Personal Contract Purchase (PCP)Suitability explanation
Personal Contract Purchase (PCP) is a fixed term and mileage-based agreement which gives you the option to purchase the vehicle. As the payments reflect the anticipated mileage that the vehicle will be covering, it is important that your agreement reflects your predicted annual mileage. The vehicle will not belong to you until you have made all payments due under the contract. With PCP you will pay an initial payment followed by an agreed number of fixed monthly payments which is followed by an optional final payment know as a GMEV (guaranteed minimum end value). This optional final payment is set at the start of the agreement and is based on anticipated value of the vehicle taking in to account its age and mileage. When you reach this point you have the option to pay the GMEV and obtain ownership of the vehicle or return the vehicle to the finance company.
PCP may not be suitable for you in certain circumstances. For example:
- If you do not know what your predicted mileage will be
- Business type restrictions, e.g. vehicles to be used as Taxis or for Driving Schools
- If you plan to export the vehicle or use abroad for extended periods
- Road fund licence is only included for the first year
Benefits of PCP
- Low initial payment and fixed monthly payments
- If you wish to own or buy the vehicle
- If you need to change your vehicle early (early settlement will incur charges)
- For peace of mind motoring optional maintenance plans are available, for an additional fixed monthly fee
- Option to simply return the vehicle at the end of agreement, removing concerns about disposal values and depreciation or pay the end value and keep the vehicle
- Your contract will be regulated by the Consumer Credit Act 1974
Taking care of the vehicle
- You must ensure the vehicle is comprehensively insured at all times
- You must pay any additional charges that you incur e.g. parking fine, congestion charge on time. If you don’t do this, the charge will be referred to the finance company who take payment from you for this and for an administration charge that they will make
- You must have the vehicle serviced and maintained by a main franchised dealer in accordance with the manufacturer’s requirements. If you include a maintenance package please note the funder may decline to settle any related charges if the total mileage on the agreement is exceeded.

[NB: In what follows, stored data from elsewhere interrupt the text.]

lemma add_subgroup_zspan: "add_subgroup (zspan bs)"
  unfolding add_subgroup_def
proof (intro conjI ballI)
  show "0 \<in> zspan bs"
    unfolding mem_zspan_iff by (intro exI[of _ "\<lambda>_. 0"]) simp
next
  fix x y assume "x \<in> zspan bs" "y \<in> zspan bs"
  then obtain c d where "x = (\<Sum>i<length bs. of_int (c i) *\<^sub>R bs ! i)"
    "y = (\<Sum>i<length bs. of_int (d i) *\<^sub>R bs ! i)" by (auto simp: mem_zspan_iff)
  then have "x - y = (\<Sum>i<length bs. of_int (c i - d i) *\<^sub>R bs ! i)"
    by (simp add: sum_subtractf scaleR_diff_left)
  then show "x - y \<in> zspan bs"
    unfolding mem_zspan_iff by (intro exI[of _ "\<lambda>i. c i - d i"])
qed

lemma set_subset_zspan: "set bs \<subseteq> zspan bs"
proof
  fix x assume "x \<in> set bs"
  then obtain i where i: "i < length bs" "x = bs ! i" by (auto simp: in_set_conv_nth)
  then have "x = (\<Sum>j<length bs. of_int (if j = i then 1 else 0) *\<^sub>R bs ! j)"
    by (simp add: if_distrib[of "\<lambda>c. of_int c *\<^sub>R _"] cong: if_cong)
  then show "x \<in> zspan bs"
    unfolding mem_zspan_iff by (intro exI[of _ "\<lambda>j. if j = i then 1 else 0"])
qed

lemma span_zspan: "span (zspan bs) = span (set bs)"
proof -
  have "zspan bs \<subseteq> span (set bs)"
    by (auto simp: zspan_def intro!: span_sum span_scale intro: span_base)
  then show ?thesis
    using set_subset_zspan[of bs] by (metis span_mono span_span subset_antisym)
qed

definition integral_mat :: "real Matrix.mat \<Rightarrow> bool" where
  "integral_mat T \<longleftrightarrow> (\<forall>i<dim_row T. \<forall>j<dim_col T. T $$ (i, j) \<in> \<int>)"

lemma zspan_lincombs_exists:
  assumes "set us \<subseteq> zspan cs"
  obtains T where "T \<in> carrier_mat (length us) (length cs)" "integral_mat T" "lincombs T cs = us"
proof -
  have "\<exists>c. us ! i = (\<Sum>j<length cs. of_int (c j) *\<^sub>R cs ! j)" if "i < length us" for i
    using assms nth_mem[OF that] mem_zspan_iff by blast
  then obtain c where c: "\<And>i. i < length us \<Longrightarrow> us ! i = (\<Sum>j<length cs. of_int (c i j) *\<^sub>R cs ! j)"
    by metis
  define T where "T = Matrix.mat (length us) (length cs) (\<lambda>(i, j). real_of_int (c i j))"
  have "T \<in> carrier_mat (length us) (length cs)" "integral_mat T"
    by (auto simp: T_def integral_mat_def)
  moreover have "lincombs T cs = us"
    by (rule nth_equalityI) (simp_all add: T_def nth_lincombs c)
  ultimately show thesis using that by blast
qed

lemma lincombs_subset_add_subgroup:
  assumes "add_subgroup S" "set bs \<subseteq> S" "integral_mat T" "dim_col T = length bs"
  shows "set (lincombs T bs) \<subseteq> S"
  using assms by (auto simp: lincombs_def integral_mat_def
      intro!: add_subgroup_sum add_subgroup_scaleR_int)

lemma independent_list_coeffs_eq_0:
  fixes bs :: "'a::real_vector list"
  assumes "distinct bs" "independent (set bs)"
    and "(\<Sum>j<length bs. c j *\<^sub>R bs ! j) = 0" "i < length bs"
  shows "c i = 0"
proof -
  have inj: "inj_on ((!) bs) {..<length bs}"
    using assms(1) by (simp add: inj_on_def nth_eq_iff_index_eq)
  have set_bs: "set bs = (!) bs ` {..<length bs}"
    using set_take_eq_image_nth[of "length bs" bs] by simp
  define u where "u v = c (the_inv_into {..<length bs} ((!) bs) v)" for v
  have u: "u (bs ! j) = c j" if "j < length bs" for j
    using that inj by (simp add: u_def the_inv_into_f_f)
  have "(\<Sum>v\<in>set bs. u v *\<^sub>R v) = (\<Sum>j<length bs. u (bs ! j) *\<^sub>R bs ! j)"
    unfolding set_bs by (rule sum.reindex[OF inj, unfolded comp_def])
  also have "\<dots> = 0" using assms(3) u by simp
  finally have "u (bs ! i) = 0"
    using assms(2,4) unfolding dependent_explicit by auto
  then show ?thesis using u[OF assms(4)] by simp
qed

lemma lincombs_eq_imp_eq:
  fixes bs :: "'a::real_vector list"
  assumes "distinct bs" "independent (set bs)"
    and A: "A \<in> carrier_mat m (length bs)" and B: "B \<in> carrier_mat m (length bs)"
    and eq: "lincombs A bs = lincombs B bs"
  shows "A = B"
proof (rule eq_matI)
  fix i j assume "i < dim_row B" "j < dim_col B"
  then have i: "i < m" and j: "j < length bs" using B by auto
  have "(\<Sum>j<length bs. (A $$ (i, j) - B $$ (i, j)) *\<^sub>R bs ! j) = lincombs A bs ! i - lincombs B bs ! i"
    using i A B by (simp add: nth_lincombs scaleR_diff_left sum_subtractf)
  then show "A $$ (i, j) = B $$ (i, j)"
    using independent_list_coeffs_eq_0[OF assms(1,2) _ j, of "\<lambda>j. A $$ (i, j) - B $$ (i, j)"] eq
    by simp
qed (use A B in auto)

lemma lincombs_one: "lincombs (1\<^sub>m (length bs)) bs = bs"
  by (rule nth_equalityI) (simp_all add: nth_lincombs if_distrib[of "\<lambda>c. c *\<^sub>R _"] cong: if_cong)

lemma length_lattice_basis:
  assumes "lattice_basis S bs" shows "length bs = dim (span S)"
  using assms span_zspan[of bs] dim_eq_card_independent[of "set bs"] distinct_card[of bs]
  by (simp add: lattice_basis_iff)

lemma det_integral_mat:
  assumes A: "A \<in> carrier_mat n n" and "integral_mat A" shows "Determinant.det A \<in> \<int>"
proof -
  have "A $$ (i, j) \<in> \<int>" if "i < n" "j < n" for i j
    using assms that by (auto simp: integral_mat_def)
  with A show ?thesis
    unfolding Determinant.det_def
    by (auto intro!: Ints_sum[OF Ints_mult[OF Ints_of_int Ints_prod]] simp: permutes_def)
qed

text \<open>Two bases of the same lattice differ by integral matrices inverse to each other, so the
  transition matrix has determinant \<open>\<plusminus>1\<close>.\<close>

lemma gram_det_lattice_basis_unique:
  fixes bs cs :: "'a::euclidean_space list"
  assumes B: "lattice_basis S bs" and C: "lattice_basis S cs"
  shows "gram_det cs = gram_det bs"
proof -
  define n where "n = length bs"
  have lc: "length cs = n"
    using length_lattice_basis[OF B] length_lattice_basis[OF C] by (simp add: n_def)
  have "S = zspan bs" "S = zspan cs" and indep: "distinct bs" "independent (set bs)"
    using B C by (auto simp: lattice_basis_iff)
  then have "set cs \<subseteq> zspan bs" "set bs \<subseteq> zspan cs" using set_subset_zspan by auto
  then obtain U W where U: "U \<in> carrier_mat n n" "integral_mat U" "lincombs U bs = cs"
    and W: "W \<in> carrier_mat n n" "integral_mat W" "lincombs W cs = bs"
    unfolding n_def lc[symmetric] by (metis zspan_lincombs_exists lc n_def)
  have "lincombs (W * U) bs = lincombs (1\<^sub>m n) bs"
    using lincombs_mult[OF W(1) U(1), of bs] U(3) W(3) lincombs_one[of bs] by (simp add: n_def)
  moreover have "W * U \<in> carrier_mat n (length bs)" "1\<^sub>m n \<in> carrier_mat n (length bs)"
    using W(1) U(1) by (auto simp: n_def)
  ultimately have "W * U = 1\<^sub>m n"
    using lincombs_eq_imp_eq[OF indep] by blast
  then have "Determinant.det W * Determinant.det U = 1"
    using det_mult[OF W(1) U(1)] by simp
  moreover obtain a b where "Determinant.det W = of_int a" "Determinant.det U = of_int b"
    using det_integral_mat[OF W(1,2)] det_integral_mat[OF U(1,2)] by (auto elim!: Ints_cases)
  ultimately have "a * b = 1"
    by (metis of_int_eq_1_iff of_int_mult)
  then have "b = 1 \<or> b = -1"
    by (auto simp: zmult_eq_1_iff)
  then have "(Determinant.det U)\<^sup>2 = 1"
    using \<open>Determinant.det U = of_int b\<close> by auto
  then show ?thesis using gram_det_lincombs[OF U(1), of bs] U(3) n_def by simp
qed

lemma covol_lattice_basis:
  assumes "lattice_basis S bs" shows "covol S = sqrt (gram_det bs)"
proof -
  have "lattice_basis S (SOME bs. lattice_basis S bs)" using assms by (rule someI)
  then show ?thesis unfolding covol_def using gram_det_lattice_basis_unique[OF assms] by simp
qed

section \<open>Bases of discrete subgroups\<close>

lemma euclidean_lattice_min_norm:
  assumes "euclidean_lattice L" obtains e where "e > 0" "\<forall>x\<in>L. x \<noteq> 0 \<longrightarrow> e \<le> norm x"
proof -
  have "0 \<in> L" using assms by (simp add: euclidean_lattice_def add_subgroup_0)
  then obtain e where "e > 0" "\<forall>y\<in>L. dist y 0 < e \<longrightarrow> y = 0"
    using assms unfolding euclidean_lattice_def discrete_set_def by blast
  then show thesis using that[of e] by force
qed

lemma finite_add_subgroup_inter_cball:
  fixes S :: "'a::euclidean_space set"
  assumes S: "add_subgroup S" and e: "e > 0" "\<forall>x\<in>S. x \<noteq> 0 \<longrightarrow> e \<le> norm x"
  shows "finite (S \<inter> cball 0 R)"
proof (rule ccontr)
  let ?T = "S \<inter> cball 0 R"
  assume "infinite ?T"
  then obtain x where x: "x islimpt ?T"
    using bounded_infinite_imp_islimpt[OF order.refl] by (meson bounded_Int bounded_cball)
  then obtain y where y: "y \<in> ?T" "y \<noteq> x" "dist y x < e / 2"
    using e unfolding islimpt_approachable by (meson half_gt_zero)
  then obtain z where z: "z \<in> ?T" "z \<noteq> x" "dist z x < dist y x"
    using x unfolding islimpt_approachable by (metis zero_less_dist_iff)
  have "y - z \<in> S" "y - z \<noteq> 0" using y z S by (auto intro: add_subgroup_diff)
  moreover have "norm (y - z) < e"
    using y z dist_triangle[of y z x] by (simp add: dist_norm norm_minus_commute)
  ultimately show False using e by force
qed

definition shortest_vector :: "'a::real_normed_vector set \<Rightarrow> 'a \<Rightarrow> bool" where
  "shortest_vector S v \<longleftrightarrow> v \<in> S \<and> v \<noteq> 0 \<and> (\<forall>x\<in>S. x \<noteq> 0 \<longrightarrow> norm v \<le> norm x)"

lemma shortest_vector_exists:
  fixes S :: "'a::euclidean_space set"
  assumes S: "add_subgroup S" and e: "e > 0" "\<forall>x\<in>S. x \<noteq> 0 \<longrightarrow> e \<le> norm x"
    and x0: "x0 \<in> S" "x0 \<noteq> 0"
  obtains v where "shortest_vector S v"
proof -
  define F where "F = S \<inter> cball 0 (norm x0) - {0}"
  have fin: "finite F" unfolding F_def using finite_add_subgroup_inter_cball[OF S e] by blast
  have "x0 \<in> F" using x0 by (simp add: F_def)
  then obtain v where v: "v \<in> F" "norm v = Min (norm ` F)"
    using Min_in[of "norm ` F"] fin by fastforce
  have min: "norm v \<le> norm x" if "x \<in> F" for x
    using that v fin by simp
  have "norm v \<le> norm x" if "x \<in> S" "x \<noteq> 0" for x
    using that min[of x] min[OF \<open>x0 \<in> F\<close>] by (cases "norm x \<le> norm x0") (auto simp: F_def)
  moreover have "v \<in> S" "v \<noteq> 0" using v by (auto simp: F_def)
  ultimately show thesis using that by (auto simp: shortest_vector_def)
qed

definition proj_perp :: "'a::real_inner \<Rightarrow> 'a \<Rightarrow> 'a" where
  "proj_perp v x = x - (inner x v / inner v v) *\<^sub>R v"

lemma linear_proj_perp: "linear (proj_perp v)"
  by (rule linearI) (simp_all add: proj_perp_def add_divide_distrib algebra_simps)

lemma inner_proj_perp: "inner (proj_perp v x) v = 0"
  by (cases "v = 0") (simp_all add: proj_perp_def inner_diff_left)

lemma proj_perp_self: "proj_perp v v = 0"
  by (cases "v = 0") (simp_all add: proj_perp_def)

lemma proj_perp_idem: "proj_perp v (proj_perp v x) = proj_perp v x"
  using inner_proj_perp[of v x] by (simp add: proj_perp_def)

lemma add_subgroup_linear_image:
  assumes "add_subgroup S" "linear f" shows "add_subgroup (f ` S)"
  unfolding add_subgroup_def
proof (intro conjI ballI)
  show "0 \<in> f ` S" using assms linear_0[of f] add_subgroup_0[of S] by force
  fix x y assume "x \<in> f ` S" "y \<in> f ` S"
  then obtain a b where "a \<in> S" "b \<in> S" "x = f a" "y = f b" by blast
  then have "a - b \<in> S" "x - y = f (a - b)"
    using assms by (simp_all add: add_subgroup_diff linear_diff)
  then show "x - y \<in> f ` S" by blast
qed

If you do not service and maintain the vehicle, the funder will make a charge when the vehicle is returned as this will affect its value
- If at the end of the agreement you return the vehicle to the finance company, they will assess the vehicle condition based on the standards set down in the BVRLA fair wear and tear guide and refurbishment charges may apply
- If you return the vehicle to the finance company at the end of the agreement and have exceeded the total contract mileage, you will be liable to an excess mileage charge. Please refer to your quotation.
- If the vehicle is returned, it must have all of the items that were with it when it was delivered e.g. all keys, locking wheelnuts, otherwise you will be charged for replacing these
Failure to make payments in full and on time may result in the contract being terminated and the vehicle repossessed. Only enter in to an agreement if you are comfortable with the financial commitment and terms.